(Collected data)
lemma vars_mult: "vars (f * g) \<subseteq> vars f \<union> vars g"
  unfolding vars_def using keys_mult[of f g] keys_add by fastforce

lemma vars_add: "vars (f + g) \<subseteq> vars f \<union> vars g"
  unfolding vars_def using keys_add[of f g] by auto

lemma vars_one [simp]: "vars 1 = {}"
  by (simp add: vars_def)

lemma vars_prod: "vars (\<Prod>i\<in>I. f i) \<subseteq> (\<Union>i\<in>I. vars (f i))"
  by (induction I rule: infinite_finite_induct) (use vars_mult in fastforce)+

lemma vars_xpow: "vars (xpow v a) \<subseteq> {v}"
  by (simp add: vars_def xpow_def)

lemma vars_xpow_sym: "vars (xpow_sym v j) \<subseteq> {v}"
  using vars_add[of "xpow v (int j)" "xpow v (- int j)"] vars_xpow[of v]
  by (auto simp: xpow_sym_def)

lemma vars_xpow_mult_xpow_sym: "vars (xpow v a * xpow_sym v j) \<subseteq> {v}"
  using vars_mult[of "xpow v a" "xpow_sym v j"] vars_xpow[of v a] vars_xpow_sym[of v j] by blast

definition hG_monomial :: "group_type \<Rightarrow> nat \<Rightarrow> (nat \<Rightarrow>\<^sub>0 int) \<Rightarrow> sym_fun" where
  "hG_monomial G n \<beta> = (\<Prod>i\<in>{1..n}. hG G (Poly_Mapping.lookup \<beta> i))"

lemma hG_0 [simp]: "hG G 0 = 1"
  by (cases G) (auto simp: hG_def hsym_def)

lemma hG_monomial_add:
  assumes "Poly_Mapping.keys \<beta> \<inter> Poly_Mapping.keys \<gamma> = {}"
  shows "hG_monomial G n (\<beta> + \<gamma>) = hG_monomial G n \<beta> * hG_monomial G n \<gamma>"
proof -
  have "hG G (Poly_Mapping.lookup (\<beta> + \<gamma>) i) = hG G (Poly_Mapping.lookup \<beta> i) * hG G (Poly_Mapping.lookup \<gamma> i)" for i
  proof -
    have "Poly_Mapping.lookup \<beta> i = 0 \<or> Poly_Mapping.lookup \<gamma> i = 0"
      using assms by (auto simp: in_keys_iff)
    then show ?thesis by (auto simp: lookup_add)
  qed
  then show ?thesis
    by (simp add: hG_monomial_def prod.distrib)
qed

lemma hG_monomial_single:
  assumes "v \<in> {1..n}"
  shows "hG_monomial G n (Poly_Mapping.single v a) = hG G a"
  unfolding hG_monomial_def using assms
  by (subst prod.remove[of _ v]) (auto simp: lookup_single intro!: prod.neutral)

lemma H_G_eq_sum:
  assumes "finite S" "Poly_Mapping.keys f \<subseteq> S"
  shows "H_G G n f = (\<Sum>\<beta>\<in>S. of_int (Poly_Mapping.lookup f \<beta>) * hG_monomial G n \<beta>)"
  unfolding H_G_def hG_monomial_def
  by (rule sum.mono_neutral_left) (use assms in \<open>auto simp: in_keys_iff\<close>)

lemma H_G_single: "H_G G n (Poly_Mapping.single \<beta> c) = of_int c * hG_monomial G n \<beta>"
  by (subst H_G_eq_sum[of "{\<beta>}"]) auto

lemma H_G_0 [simp]: "H_G G n 0 = 0"
  by (simp add: H_G_def)

lemma H_G_1 [simp]: "H_G G n 1 = 1"
  by (simp add: H_G_def)

lemma H_G_add: "H_G G n (f + g) = H_G G n f + H_G G n g"
proof -
  let ?S = "Poly_Mapping.keys f \<union> Poly_Mapping.keys g"
  have "H_G G n (f + g) = (\<Sum>\<beta>\<in>?S. of_int (Poly_Mapping.lookup (f + g) \<beta>) * hG_monomial G n \<beta>)"
    using keys_add[of f g] by (intro H_G_eq_sum) auto
  also have "\<dots> = (\<Sum>\<beta>\<in>?S. of_int (Poly_Mapping.lookup f \<beta>) * hG_monomial G n \<beta>)
     + (\<Sum>\<beta>\<in>?S. of_int (Poly_Mapping.lookup g \<beta>) * hG_monomial G n \<beta>)"
    by (simp add: lookup_add sum.distrib algebra_simps)
  also have "\<dots> = H_G G n f + H_G G n g"
    by (subst (1 2) H_G_eq_sum[of ?S]) auto
  finally show ?thesis .
qed

lemma H_G_uminus: "H_G G n (- f) = - H_G G n f"
  unfolding H_G_def by (simp add: sum_negf)

lemma H_G_diff: "H_G G n (f - g) = H_G G n f - H_G G n g"
  using H_G_add[of G n f "- g"] by (simp add: H_G_uminus)

lemma H_G_sum: "H_G G n (\<Sum>i\<in>I. f i) = (\<Sum>i\<in>I. H_G G n (f i))"
  by (induction I rule: infinite_finite_induct) (auto simp: H_G_add)

lemma H_G_of_int_mult: "H_G G n (of_int c * f) = of_int c * H_G G n f"
proof (induction f rule: frag_induction[OF subset_UNIV])
  case (2 \<beta>)
  have "(of_int c :: laurent) * Poly_Mapping.single \<beta> 1 = Poly_Mapping.single \<beta> c"
    by (simp add: mult_single flip: single_of_int)
  then show ?case by (simp add: H_G_single)
qed (simp_all add: right_diff_distrib H_G_diff)

lemma H_G_monomial_mult:
  assumes "Poly_Mapping.keys \<beta> \<inter> vars g = {}"
  shows "H_G G n (Poly_Mapping.single \<beta> 1 * g) = hG_monomial G n \<beta> * H_G G n g"
proof -
  have "Poly_Mapping.keys g \<subseteq> {\<gamma>. Poly_Mapping.keys \<beta> \<inter> Poly_Mapping.keys \<gamma> = {}}"
    using assms by (auto simp: vars_def)
  then show ?thesis
  proof (induction g rule: frag_induction)
    case (one \<gamma>) then show ?case by (simp add: mult_single H_G_single hG_monomial_add)
  qed (simp_all add: right_diff_distrib H_G_diff)
qed

lemma H_G_mult:
  assumes "vars f \<inter> vars g = {}"
  shows "H_G G n (f * g) = H_G G n f * H_G G n g"
proof -
  have "Poly_Mapping.keys f \<subseteq> {\<beta>. Poly_Mapping.keys \<beta> \<inter> vars g = {}}"
    using assms by (auto simp: vars_def)
  then show ?thesis
  proof (induction f rule: frag_induction)
    case (one \<beta>) then show ?case by (simp add: H_G_monomial_mult H_G_single)
  qed (simp_all add: left_diff_distrib H_G_diff)
qed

> [ACTION ITEM] Copy the lines of the data above exactly as written, beginning with the line containing "unfolding H_G_def hG_monomial_def" and ending with the line containing "(Poly_Mapping.single \<beta> c)", and leave out all other lines.

> [EXERCISE OUTPUT]
  unfolding H_G_def hG_monomial_def
  by (rule sum.mono_neutral_left) (use assms in \<open>auto simp: in_keys_iff\<close>)

lemma H_G_single: "H_G G n (Poly_Mapping.single \<beta> c) = of_int c * hG_monomial G n \<beta>"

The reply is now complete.